lemma pmult_emb_right:
  assumes l: "l \<in> V"
  shows "pmult x (gp_emb dA l a) (u, gs, ls) =
    (if (u, gs, ls) \<in> Idx \<and> pend tgt u gs = l
     then amult (cA l) (dA l) (\<lambda>p. x (u, gs, butlast ls @ [p])) a (last ls) else 0)"
proof (cases "(u, gs, ls) \<in> Idx")
  case False
  then show ?thesis by (simp add: gp_mult_outside)
next
  case K: True
  have "pmult x (gp_emb dA l a) (u, gs, ls)
      = (\<Sum>I\<in>Idx. \<Sum>J\<in>Idx. x I * gp_emb dA l a J * gp_bprod tgt cA I J (u, gs, ls))"
    using K by (simp add: gp_mult_def)
  also have "\<dots> = (\<Sum>J\<in>Idx. \<Sum>I\<in>Idx. x I * gp_emb dA l a J * gp_bprod tgt cA I J (u, gs, ls))"
    by (rule sum.swap)
  also have "\<dots> = (\<Sum>J\<in>Idx. gp_emb dA l a J * (\<Sum>I\<in>Idx. x I * gp_bprod tgt cA I J (u, gs, ls)))"
    by (simp add: sum_distrib_left ac_simps)
  also have "\<dots> = (\<Sum>m<dA l. a m * (\<Sum>I\<in>Idx. x I * gp_bprod tgt cA I (l, [], [m]) (u, gs, ls)))"
    using l by (rule sum_gp_emb)
  also have "\<dots> = (if pend tgt u gs = l
      then \<Sum>m<dA l. \<Sum>p<dA l. a m * x (u, gs, butlast ls @ [p]) * cA l p m (last ls) else 0)"
    using K by (simp add: sum_gp_bprod_trivial_right sum_distrib_left mult.assoc)
  also have "\<dots> = (if pend tgt u gs = l
      then amult (cA l) (dA l) (\<lambda>p. x (u, gs, butlast ls @ [p])) a (last ls) else 0)"
  proof -
    have "pend tgt u gs = l \<Longrightarrow> last ls < dA l"
    proof -
      assume "pend tgt u gs = l"
      moreover from K have "length ls = Suc (length gs)" "ls ! length gs < dA (pverts tgt u gs ! length gs)"
        by (auto simp: gp_index_iff)
      moreover have "last ls = ls ! length gs"
        using \<open>length ls = Suc (length gs)\<close> by (cases ls rule: rev_cases) (auto simp: nth_append)
      ultimately show "last ls < dA l"
        by (simp add: pverts_nth_length)
    qed
    moreover have "(\<Sum>m<dA l. \<Sum>p<dA l. a m * x (u, gs, butlast ls @ [p]) * cA l p m (last ls))
        = (\<Sum>p<dA l. \<Sum>m<dA l. x (u, gs, butlast ls @ [p]) * a m * cA l p m (last ls))"
      by (subst sum.swap) (simp add: ac_simps)
    ultimately show ?thesis by (simp add: amult_def)
  qed
  finally show ?thesis using K by simp
qed


lemma pmult_unit_right:
  assumes l: "l \<in> V" and x: "x \<in> Car"
  shows "pmult x (gp_emb dA l (uA l)) =
    (\<lambda>(u, gs, ls). if (u, gs, ls) \<in> Idx \<and> pend tgt u gs = l then x (u, gs, ls) else 0)"
proof (intro ext, clarify)
  fix u gs ls
  show "pmult x (gp_emb dA l (uA l)) (u, gs, ls) =
    (if (u, gs, ls) \<in> Idx \<and> pend tgt u gs = l then x (u, gs, ls) else 0)"
  proof (cases "(u, gs, ls) \<in> Idx \<and> pend tgt u gs = l")
    case False
    then show ?thesis by (auto simp: pmult_emb_right[OF l])
  next
    case True
    then have len: "length ls = length gs + 1"
      by (auto simp: gp_index_iff)
    have "(\<lambda>p. x (u, gs, butlast ls @ [p])) \<in> vec (dA l)"
      unfolding vec_def
    proof clarify
      fix p assume p: "dA l \<le> p"
      have "(u, gs, butlast ls @ [p]) \<notin> Idx"
      proof
        assume "(u, gs, butlast ls @ [p]) \<in> Idx"
        then have "(butlast ls @ [p]) ! length gs < dA (pverts tgt u gs ! length gs)"
          using len by (simp add: gp_index_iff)
        then show False
          using p True len by (simp add: nth_append pverts_nth_length)
      qed
      then show "x (u, gs, butlast ls @ [p]) = 0"
        using x by (simp add: gp_carrier_def)
    qed
    then have "amult (cA l) (dA l) (\<lambda>p. x (u, gs, butlast ls @ [p])) (uA l) = (\<lambda>p. x (u, gs, butlast ls @ [p]))"
      using algebras l by (simp add: fd_algebra_def)
    moreover have "butlast ls @ [last ls] = ls"
      using len by (cases ls rule: rev_cases) auto
    ultimately show ?thesis
      using True by (simp only: pmult_emb_right[OF l] if_True)
  qed
qed

end

section \<open>The representation of the projective \<open>P(i,j)\<close>\<close>

locale projective_component = gen_path_algebra V E src tgt dA cA uA
  for V :: "'v set" and E :: "'e set" and src tgt :: "'e \<Rightarrow> 'v"
    and dA :: "'v \<Rightarrow> nat" and cA :: "'v \<Rightarrow> nat \<Rightarrow> nat \<Rightarrow> nat \<Rightarrow> 'k::field"
    and uA :: "'v \<Rightarrow> nat \<Rightarrow> 'k" +
  fixes e :: "'v \<Rightarrow> nat \<Rightarrow> nat \<Rightarrow> 'k" and i :: 'v and j :: nat
  assumes i: "i \<in> V" and idempotent: "idempotent_in (dA i) (cA i) (e i j)"
begin

abbreviation "eA \<equiv> rideal (dA i) (cA i) (e i j)"
abbreviation "M \<equiv> rep_component V E src tgt dA cA uA (gp_proj V E src tgt dA cA e i j)"

text \<open>The element \<open>e\<^sub>i\<^sub>j y 1\<^sub>l\<close> of \<open>M l\<close> (products taken in the path algebra), in coordinates.\<close>
definition proj_elem :: "'v \<Rightarrow> ('v \<times> 'e list \<times> nat list \<Rightarrow> 'k) \<Rightarrow> 'v \<times> 'e list \<times> nat list \<Rightarrow> 'k" where
  "proj_elem l y = (\<lambda>(u, gs, ls). if (u, gs, ls) \<in> Idx \<and> u = i \<and> pend tgt u gs = l
      then amult (cA i) (dA i) (e i j) (\<lambda>q. y (i, gs, q # tl ls)) (hd ls) else 0)"

lemma component_eq_image:
  assumes l: "l \<in> V"
  shows "M l = proj_elem l ` Car"
proof -
  have sandwich: "pmult (pmult (gp_emb dA i (e i j)) y) (gp_emb dA l (uA l)) = proj_elem l y" for y
  proof -
    have "pmult (gp_emb dA i (e i j)) y \<in> Car"
      by (simp add: gp_carrier_def gp_mult_outside)
    then show ?thesis
      by (auto simp: pmult_unit_right[OF l] proj_elem_def pmult_emb_left[OF i])
  qed
  then show ?thesis
    by (auto simp: rep_component_def gp_proj_def) (metis sandwich)
qed

lemma component_at_source: "M i = gp_emb dA i ` eA"
proof -
  have proj_elem_at_source: "proj_elem i y = gp_emb dA i (amult (cA i) (dA i) (e i j) (\<lambda>q. y (i, [], [q])))" for y
  proof (intro ext, clarify)
    fix u gs ls
    have "qpath V E src tgt i gs \<Longrightarrow> pend tgt i gs = i \<Longrightarrow> gs = []"
      using acyclic by (auto simp: acyclic_quiver_def)
    then have "(u, gs, ls) \<in> Idx \<and> u = i \<and> pend tgt u gs = i
        \<longleftrightarrow> u = i \<and> gs = [] \<and> length ls = 1 \<and> hd ls < dA i"
      using i by (cases ls) (auto simp: gp_index_iff)
    moreover have "length ls = 1 \<Longrightarrow> tl ls = []"
      by (cases ls) auto
    ultimately show "proj_elem i y (u, gs, ls) = gp_emb dA i (amult (cA i) (dA i) (e i j) (\<lambda>q. y (i, [], [q]))) (u, gs, ls)"
      by (auto simp: proj_elem_def gp_emb_simp)
  qed
  have "proj_elem i ` Car = gp_emb dA i ` eA"
  proof
    show "proj_elem i ` Car \<subseteq> gp_emb dA i ` eA"
      by (auto simp: proj_elem_at_source intro!: imageI amult_in_rideal)
    show "gp_emb dA i ` eA \<subseteq> proj_elem i ` Car"
    proof
      fix z :: "'v \<times> 'e list \<times> nat list \<Rightarrow> 'k" assume "z \<in> gp_emb dA i ` eA"
      then obtain a where z: "z = gp_emb dA i (amult (cA i) (dA i) (e i j) a)" "a \<in> vec (dA i)"
        by (auto simp: rideal_def)
      define y where "y = (\<lambda>(u, gs :: 'e list, ls). if u = i \<and> gs = [] \<and> length ls = 1 then a (hd ls) else 0)"
      have "y \<in> Car"
        using \<open>a \<in> vec (dA i)\<close> i
        by (auto simp: gp_carrier_def y_def gp_index_iff vec_def length_Suc_conv)
      moreover have "proj_elem i y = gp_emb dA i (amult (cA i) (dA i) (e i j) a)"
        unfolding proj_elem_at_source by (simp add: y_def)
      ultimately show "z \<in> proj_elem i ` Car"
        unfolding z by (metis imageI)
    qed
  qed
  then show ?thesis
    using component_eq_image[OF i] by simp
qed

lemma component_without_paths:
  assumes l: "l \<in> V" and no_path: "\<nexists>\<gamma>. qpath V E src tgt i \<gamma> \<and> pend tgt i \<gamma> = l"
  shows "M l = {\<lambda>_. 0}"
proof -
  have "proj_elem l y = (\<lambda>_. 0)" for y
    using no_path by (auto simp: proj_elem_def gp_index_iff fun_eq_iff)
  moreover have "(\<lambda>_. 0) \<in> Car"
    by (simp add: gp_carrier_def)
  ultimately show ?thesis
    using component_eq_image[OF l] by auto
qed

definition paths_to :: "'v \<Rightarrow> 'e list set" where
  "paths_to l = {\<gamma>. qpath V E src tgt i \<gamma> \<and> pend tgt i \<gamma> = l}"

definition inner_indices :: "'e list \<Rightarrow> nat list set" where
  "inner_indices \<gamma> = {ms. length ms = length \<gamma> - 1
     \<and> (\<forall>t<length \<gamma> - 1. ms ! t < dA (pverts tgt i \<gamma> ! Suc t))}"

definition slice :: "('v \<times> 'e list \<times> nat list \<Rightarrow> 'k) \<Rightarrow> 'e list \<Rightarrow> nat list \<Rightarrow> nat \<Rightarrow> nat \<Rightarrow> 'k" where
  "slice w \<gamma> ms m = (\<lambda>q. w (i, \<gamma>, q # ms @ [m]))"

lemma finite_paths_to: "finite (paths_to l)"
  using finite_qpaths[OF quiver acyclic, of i] by (rule finite_subset[rotated]) (auto simp: paths_to_def)

lemma finite_card_inner_indices:
  "finite (inner_indices \<gamma>) \<and> card (inner_indices \<gamma>) = (\<Prod>t\<in>{1..<length \<gamma>}. dA (pverts tgt i \<gamma> ! t))"
proof -
  have "(\<Prod>t<length \<gamma> - 1. dA (pverts tgt i \<gamma> ! Suc t)) = (\<Prod>t\<in>Suc ` {..<length \<gamma> - 1}. dA (pverts tgt i \<gamma> ! t))"
    by (simp add: prod.reindex)
  also have "Suc ` {..<length \<gamma> - 1} = {1..<length \<gamma>}"
    by (cases "length \<gamma>") (auto simp: image_Suc_lessThan atLeastLessThanSuc_atLeastAtMost)
  finally show ?thesis
    unfolding inner_indices_def using card_lists_bounded[of "length \<gamma> - 1" "\<lambda>t. dA (pverts tgt i \<gamma> ! Suc t)"]
    by simp
qed

lemma gp_index_path_iff:
  assumes \<gamma>: "\<gamma> \<in> paths_to l" "\<gamma> \<noteq> []"
  shows "(i, \<gamma>, q # ms @ [m]) \<in> Idx \<longleftrightarrow> q < dA i \<and> ms \<in> inner_indices \<gamma> \<and> m < dA l"
proof -
  have p: "qpath V E src tgt i \<gamma>" and last: "pverts tgt i \<gamma> ! length \<gamma> = l"
    using \<gamma> by (auto simp: paths_to_def pverts_nth_length)
  have "(\<forall>t<Suc (Suc (length ms)). (q # ms @ [m]) ! t < dA (pverts tgt i \<gamma> ! t))
      \<longleftrightarrow> q < dA i \<and> (\<forall>t<length ms. ms ! t < dA (pverts tgt i \<gamma> ! Suc t))
          \<and> m < dA (pverts tgt i \<gamma> ! Suc (length ms))"
    by (subst All_less_Suc2, subst All_less_Suc) (auto simp: nth_append)
  then show ?thesis
    using p last \<gamma>(2) by (auto simp: gp_index_iff inner_indices_def)
qed


lemma paths_to_nonempty: "\<gamma> \<in> paths_to l \<Longrightarrow> l \<noteq> i \<Longrightarrow> \<gamma> \<noteq> []"
  by (auto simp: paths_to_def)

lemma slice_proj_elem:
  assumes "\<gamma> \<in> paths_to l" "\<gamma> \<noteq> []" "ms \<in> inner_indices \<gamma>" "m < dA l"
  shows "slice (proj_elem l y) \<gamma> ms m = amult (cA i) (dA i) (e i j) (slice y \<gamma> ms m)"
proof
  fix q
  show "slice (proj_elem l y) \<gamma> ms m q = amult (cA i) (dA i) (e i j) (slice y \<gamma> ms m) q"
    using gp_index_path_iff[OF assms(1,2), of q ms m] assms
    by (cases "q < dA i") (auto simp: slice_def proj_elem_def paths_to_def amult_def)
qed

lemma slice_in_eA:
  assumes "l \<in> V" "x \<in> M l" "\<gamma> \<in> paths_to l" "\<gamma> \<noteq> []" "ms \<in> inner_indices \<gamma>" "m < dA l"
  shows "slice x \<gamma> ms m \<in> eA"
  using assms slice_proj_elem amult_in_rideal by (auto simp: component_eq_image)

lemma component_support:
  assumes l: "l \<in> V" "l \<noteq> i" and x: "x \<in> M l" and nonzero: "x K \<noteq> 0"
  obtains \<gamma> q ms m where "K = (i, \<gamma>, q # ms @ [m])" "\<gamma> \<in> paths_to l" "ms \<in> inner_indices \<gamma>"
    "m < dA l"
proof -
  obtain y where "x = proj_elem l y"
    using x component_eq_image[OF l(1)] by auto
  moreover obtain u gs ls where K: "K = (u, gs, ls)"
    by (cases K)
  ultimately have in_Idx: "(u, gs, ls) \<in> Idx" and "u = i" and \<gamma>: "gs \<in> paths_to l"
    using nonzero by (auto simp: proj_elem_def paths_to_def gp_index_iff split: if_splits)
  have "gs \<noteq> []"
    using paths_to_nonempty[OF \<gamma> l(2)] .
  moreover have "length ls = length gs + 1"
    using in_Idx by (simp add: gp_index_iff)
  ultimately obtain q ms m where ls: "ls = q # ms @ [m]"
    by (cases ls rule: rev_cases; cases "butlast ls") (auto simp: Cons_eq_append_conv)
  show ?thesis
    using that[of gs q ms m] in_Idx gp_index_path_iff[OF \<gamma> \<open>gs \<noteq> []\<close>] \<gamma> K ls \<open>u = i\<close> by simp
qed

lemma finite_card_coord_index:
  assumes "finite B"
  shows "finite (SIGMA \<gamma>:paths_to l. B \<times> inner_indices \<gamma>)"
    "card (SIGMA \<gamma>:paths_to l. B \<times> inner_indices \<gamma>)
      = (\<Sum>\<gamma>\<in>paths_to l. card B * (\<Prod>t\<in>{1..<length \<gamma>}. dA (pverts tgt i \<gamma> ! t)))"
  using assms finite_paths_to finite_card_inner_indices
  by (auto simp: card_cartesian_product)

lemma slice_right_mult:
  assumes l: "l \<in> V" "l \<noteq> i" and x: "x \<in> M l"
    and \<gamma>: "\<gamma> \<in> paths_to l" "ms \<in> inner_indices \<gamma>" "m < dA l"
  shows "slice (pmult x (gp_emb dA l a)) \<gamma> ms m
    = (\<Sum>p<dA l. vscale (\<Sum>r<dA l. a r * cA l p r m) (slice x \<gamma> ms p))"
proof
  fix q
  have \<gamma>_ne: "\<gamma> \<noteq> []"
    using paths_to_nonempty[OF \<gamma>(1) l(2)] .
  show "slice (pmult x (gp_emb dA l a)) \<gamma> ms m q
      = (\<Sum>p<dA l. vscale (\<Sum>r<dA l. a r * cA l p r m) (slice x \<gamma> ms p)) q"
  proof (cases "q < dA i")
    case True
    have "(i, \<gamma>, q # ms @ [m]) \<in> Idx" "pend tgt i \<gamma> = l"
      using gp_index_path_iff[OF \<gamma>(1) \<gamma>_ne] True \<gamma> by (auto simp: paths_to_def)
    moreover have "butlast (q # ms @ [m]) = q # ms"
      by (simp add: butlast_append)
    ultimately show ?thesis
      using \<gamma>(3) by (simp add: slice_def pmult_emb_right[OF l(1)] amult_def sum_apply vscale_def
          sum_distrib_left sum_distrib_right ac_simps)
  next
    case False
    have "slice x \<gamma> ms p \<in> vec (dA i)" if "p < dA l" for p
      using slice_in_eA[OF l(1) x \<gamma>(1) \<gamma>_ne \<gamma>(2) that] rideal_subset_vec by blast
    then have "slice x \<gamma> ms p q = 0" if "p < dA l" for p
      using False that by (simp add: vec_def)
    moreover have "(i, \<gamma>, q # ms @ [m]) \<notin> Idx"
      using gp_index_path_iff[OF \<gamma>(1) \<gamma>_ne] False by simp
    ultimately show ?thesis
      by (simp add: slice_def pmult_emb_right[OF l(1)] sum_apply vscale_def)
  qed
qed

Exercise: An exact copy of the lines above, from the one containing "by (auto simp: card_cartesian_product)" through the one containing "p \<in> vec", is the whole of the answer.

Answer section:
  by (auto simp: card_cartesian_product)

lemma slice_right_mult:
  assumes l: "l \<in> V" "l \<noteq> i" and x: "x \<in> M l"
    and \<gamma>: "\<gamma> \<in> paths_to l" "ms \<in> inner_indices \<gamma>" "m < dA l"
  shows "slice (pmult x (gp_emb dA l a)) \<gamma> ms m
    = (\<Sum>p<dA l. vscale (\<Sum>r<dA l. a r * cA l p r m) (slice x \<gamma> ms p))"
proof
  fix q
  have \<gamma>_ne: "\<gamma> \<noteq> []"
    using paths_to_nonempty[OF \<gamma>(1) l(2)] .
  show "slice (pmult x (gp_emb dA l a)) \<gamma> ms m q
      = (\<Sum>p<dA l. vscale (\<Sum>r<dA l. a r * cA l p r m) (slice x \<gamma> ms p)) q"
  proof (cases "q < dA i")
    case True
    have "(i, \<gamma>, q # ms @ [m]) \<in> Idx" "pend tgt i \<gamma> = l"
      using gp_index_path_iff[OF \<gamma>(1) \<gamma>_ne] True \<gamma> by (auto simp: paths_to_def)
    moreover have "butlast (q # ms @ [m]) = q # ms"
      by (simp add: butlast_append)
    ultimately show ?thesis
      using \<gamma>(3) by (simp add: slice_def pmult_emb_right[OF l(1)] amult_def sum_apply vscale_def
          sum_distrib_left sum_distrib_right ac_simps)
  next
    case False
    have "slice x \<gamma> ms p \<in> vec (dA i)" if "p < dA l" for p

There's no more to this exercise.